→ **Exercise instructions**:
The word "blast" marks the lines you need; copy each of them from the data.

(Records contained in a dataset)

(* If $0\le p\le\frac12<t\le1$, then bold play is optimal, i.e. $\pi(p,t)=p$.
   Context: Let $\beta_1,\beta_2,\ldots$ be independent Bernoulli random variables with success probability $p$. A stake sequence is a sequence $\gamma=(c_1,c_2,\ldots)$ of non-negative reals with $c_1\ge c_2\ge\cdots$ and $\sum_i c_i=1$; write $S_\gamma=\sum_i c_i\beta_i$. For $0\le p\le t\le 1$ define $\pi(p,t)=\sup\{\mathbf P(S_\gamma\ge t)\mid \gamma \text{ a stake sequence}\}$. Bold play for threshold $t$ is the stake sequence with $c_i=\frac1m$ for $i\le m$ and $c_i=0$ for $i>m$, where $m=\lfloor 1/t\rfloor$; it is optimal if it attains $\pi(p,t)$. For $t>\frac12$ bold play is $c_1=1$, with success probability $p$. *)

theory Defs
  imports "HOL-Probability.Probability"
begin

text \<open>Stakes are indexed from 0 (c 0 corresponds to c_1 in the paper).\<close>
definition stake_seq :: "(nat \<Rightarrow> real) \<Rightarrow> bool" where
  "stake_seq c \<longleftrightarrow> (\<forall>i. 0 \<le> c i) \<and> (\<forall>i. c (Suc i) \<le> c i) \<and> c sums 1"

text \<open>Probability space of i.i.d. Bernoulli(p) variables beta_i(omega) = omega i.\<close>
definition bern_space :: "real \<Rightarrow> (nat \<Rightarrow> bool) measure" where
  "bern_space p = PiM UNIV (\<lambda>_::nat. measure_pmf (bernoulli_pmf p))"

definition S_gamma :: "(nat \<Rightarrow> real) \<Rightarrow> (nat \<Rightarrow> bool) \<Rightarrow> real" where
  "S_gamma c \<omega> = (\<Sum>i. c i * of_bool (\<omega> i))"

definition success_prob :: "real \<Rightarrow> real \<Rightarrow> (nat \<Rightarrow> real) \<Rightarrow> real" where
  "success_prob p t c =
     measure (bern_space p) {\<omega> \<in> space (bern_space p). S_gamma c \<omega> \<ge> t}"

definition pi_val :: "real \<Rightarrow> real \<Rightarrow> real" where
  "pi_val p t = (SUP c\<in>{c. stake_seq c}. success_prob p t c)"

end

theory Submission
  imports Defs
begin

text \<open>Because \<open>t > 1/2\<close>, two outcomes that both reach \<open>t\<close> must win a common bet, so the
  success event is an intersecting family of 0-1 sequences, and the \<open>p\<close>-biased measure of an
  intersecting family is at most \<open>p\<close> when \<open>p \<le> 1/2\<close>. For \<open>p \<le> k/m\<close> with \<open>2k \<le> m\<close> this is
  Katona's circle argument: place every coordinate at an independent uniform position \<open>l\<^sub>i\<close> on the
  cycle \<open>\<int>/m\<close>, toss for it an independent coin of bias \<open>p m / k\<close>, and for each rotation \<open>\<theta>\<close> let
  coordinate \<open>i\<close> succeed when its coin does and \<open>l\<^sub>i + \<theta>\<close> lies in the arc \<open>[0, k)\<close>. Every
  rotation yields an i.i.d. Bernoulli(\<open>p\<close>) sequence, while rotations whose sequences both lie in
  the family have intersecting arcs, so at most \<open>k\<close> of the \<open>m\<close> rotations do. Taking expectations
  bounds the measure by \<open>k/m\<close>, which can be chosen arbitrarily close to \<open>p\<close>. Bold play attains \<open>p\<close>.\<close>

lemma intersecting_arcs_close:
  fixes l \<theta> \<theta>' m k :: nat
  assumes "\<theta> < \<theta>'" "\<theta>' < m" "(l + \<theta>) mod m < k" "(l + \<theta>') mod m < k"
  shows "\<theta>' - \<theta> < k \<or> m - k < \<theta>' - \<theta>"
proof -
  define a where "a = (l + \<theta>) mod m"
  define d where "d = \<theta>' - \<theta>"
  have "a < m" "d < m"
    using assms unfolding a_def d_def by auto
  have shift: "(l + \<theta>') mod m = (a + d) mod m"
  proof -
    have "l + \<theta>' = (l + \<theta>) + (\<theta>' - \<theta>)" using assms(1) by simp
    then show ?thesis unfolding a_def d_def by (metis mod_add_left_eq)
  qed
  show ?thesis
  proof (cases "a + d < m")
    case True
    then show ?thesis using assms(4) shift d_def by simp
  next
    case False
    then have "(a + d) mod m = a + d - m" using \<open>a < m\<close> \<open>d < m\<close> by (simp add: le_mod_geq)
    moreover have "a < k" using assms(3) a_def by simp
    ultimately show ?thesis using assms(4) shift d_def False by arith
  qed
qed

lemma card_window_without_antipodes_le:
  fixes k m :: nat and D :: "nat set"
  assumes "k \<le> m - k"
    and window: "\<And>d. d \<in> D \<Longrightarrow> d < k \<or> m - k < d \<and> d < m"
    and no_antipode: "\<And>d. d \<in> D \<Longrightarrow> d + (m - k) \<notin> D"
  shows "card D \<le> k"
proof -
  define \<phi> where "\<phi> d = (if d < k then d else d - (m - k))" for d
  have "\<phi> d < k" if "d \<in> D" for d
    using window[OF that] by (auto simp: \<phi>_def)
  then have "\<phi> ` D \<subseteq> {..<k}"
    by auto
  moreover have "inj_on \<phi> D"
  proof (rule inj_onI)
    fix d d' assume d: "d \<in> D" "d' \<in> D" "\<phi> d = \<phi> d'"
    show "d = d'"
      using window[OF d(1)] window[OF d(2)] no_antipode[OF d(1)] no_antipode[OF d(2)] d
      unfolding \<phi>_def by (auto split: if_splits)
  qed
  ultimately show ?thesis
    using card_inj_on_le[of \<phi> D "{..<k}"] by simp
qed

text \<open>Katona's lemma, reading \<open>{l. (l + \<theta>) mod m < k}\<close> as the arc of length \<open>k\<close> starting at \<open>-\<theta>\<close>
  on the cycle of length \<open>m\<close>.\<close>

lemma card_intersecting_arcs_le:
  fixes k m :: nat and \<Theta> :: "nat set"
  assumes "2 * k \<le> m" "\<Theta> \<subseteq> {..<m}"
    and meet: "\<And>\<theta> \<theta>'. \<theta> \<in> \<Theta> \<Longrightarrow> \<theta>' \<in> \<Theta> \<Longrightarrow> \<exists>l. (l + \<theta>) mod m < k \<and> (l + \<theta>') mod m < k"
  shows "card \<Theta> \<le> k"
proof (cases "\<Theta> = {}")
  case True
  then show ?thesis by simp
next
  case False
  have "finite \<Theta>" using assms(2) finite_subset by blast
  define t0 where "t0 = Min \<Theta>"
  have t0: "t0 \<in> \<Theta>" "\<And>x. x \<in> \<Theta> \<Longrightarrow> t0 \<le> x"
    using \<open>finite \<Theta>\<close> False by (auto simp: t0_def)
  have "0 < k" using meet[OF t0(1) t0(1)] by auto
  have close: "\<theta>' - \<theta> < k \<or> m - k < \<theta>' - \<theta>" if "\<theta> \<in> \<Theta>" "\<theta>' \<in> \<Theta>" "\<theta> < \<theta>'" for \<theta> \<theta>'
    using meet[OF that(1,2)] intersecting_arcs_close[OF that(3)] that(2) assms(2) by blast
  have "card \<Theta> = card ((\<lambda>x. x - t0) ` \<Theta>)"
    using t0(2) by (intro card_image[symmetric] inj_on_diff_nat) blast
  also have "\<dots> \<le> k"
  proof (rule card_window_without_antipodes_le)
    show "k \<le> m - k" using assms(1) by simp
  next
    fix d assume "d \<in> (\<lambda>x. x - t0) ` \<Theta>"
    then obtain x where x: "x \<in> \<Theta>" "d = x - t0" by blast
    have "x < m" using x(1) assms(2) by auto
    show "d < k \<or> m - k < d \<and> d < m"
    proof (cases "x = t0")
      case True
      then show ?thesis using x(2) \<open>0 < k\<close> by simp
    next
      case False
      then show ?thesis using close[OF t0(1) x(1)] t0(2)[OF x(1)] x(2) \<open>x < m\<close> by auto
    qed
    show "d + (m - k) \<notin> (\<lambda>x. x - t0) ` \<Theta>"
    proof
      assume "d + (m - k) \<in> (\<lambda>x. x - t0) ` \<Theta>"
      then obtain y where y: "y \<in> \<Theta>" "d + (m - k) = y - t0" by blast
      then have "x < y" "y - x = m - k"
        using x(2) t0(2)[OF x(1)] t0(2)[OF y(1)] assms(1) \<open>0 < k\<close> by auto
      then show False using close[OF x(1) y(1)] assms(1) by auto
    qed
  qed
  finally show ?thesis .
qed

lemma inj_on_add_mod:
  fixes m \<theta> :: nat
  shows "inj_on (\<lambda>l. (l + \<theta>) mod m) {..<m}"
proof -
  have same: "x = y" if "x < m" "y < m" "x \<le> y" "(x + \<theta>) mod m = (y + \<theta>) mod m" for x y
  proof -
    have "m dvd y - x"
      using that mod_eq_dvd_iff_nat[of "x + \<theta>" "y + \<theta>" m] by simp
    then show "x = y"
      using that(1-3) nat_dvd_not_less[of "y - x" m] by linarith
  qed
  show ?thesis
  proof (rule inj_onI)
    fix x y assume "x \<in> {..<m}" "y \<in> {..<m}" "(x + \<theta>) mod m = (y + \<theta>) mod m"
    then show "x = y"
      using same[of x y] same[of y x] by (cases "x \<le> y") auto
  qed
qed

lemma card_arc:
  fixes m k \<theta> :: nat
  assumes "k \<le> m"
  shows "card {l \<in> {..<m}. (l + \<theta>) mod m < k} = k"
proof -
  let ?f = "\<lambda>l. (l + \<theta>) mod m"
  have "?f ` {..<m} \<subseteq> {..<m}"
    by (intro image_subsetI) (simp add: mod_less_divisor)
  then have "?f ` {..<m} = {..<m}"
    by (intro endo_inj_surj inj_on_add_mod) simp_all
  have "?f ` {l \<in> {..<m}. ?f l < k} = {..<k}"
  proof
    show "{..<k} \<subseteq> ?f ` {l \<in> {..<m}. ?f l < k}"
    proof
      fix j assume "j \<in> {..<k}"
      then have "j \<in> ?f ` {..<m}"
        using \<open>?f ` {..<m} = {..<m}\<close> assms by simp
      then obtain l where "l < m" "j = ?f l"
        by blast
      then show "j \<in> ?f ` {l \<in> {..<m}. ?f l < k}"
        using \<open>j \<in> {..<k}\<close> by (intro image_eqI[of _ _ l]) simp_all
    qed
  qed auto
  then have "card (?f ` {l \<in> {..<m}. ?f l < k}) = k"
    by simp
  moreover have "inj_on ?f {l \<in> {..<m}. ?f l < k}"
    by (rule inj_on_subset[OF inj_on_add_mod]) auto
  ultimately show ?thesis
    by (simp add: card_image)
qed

→ **Completed task**:
  have "finite \<Theta>" using assms(2) finite_subset by blast
    using meet[OF that(1,2)] intersecting_arcs_close[OF that(3)] that(2) assms(2) by blast
    using t0(2) by (intro card_image[symmetric] inj_on_diff_nat) blast
    then obtain x where x: "x \<in> \<Theta>" "d = x - t0" by blast
      then obtain y where y: "y \<in> \<Theta>" "d + (m - k) = y - t0" by blast
        by blast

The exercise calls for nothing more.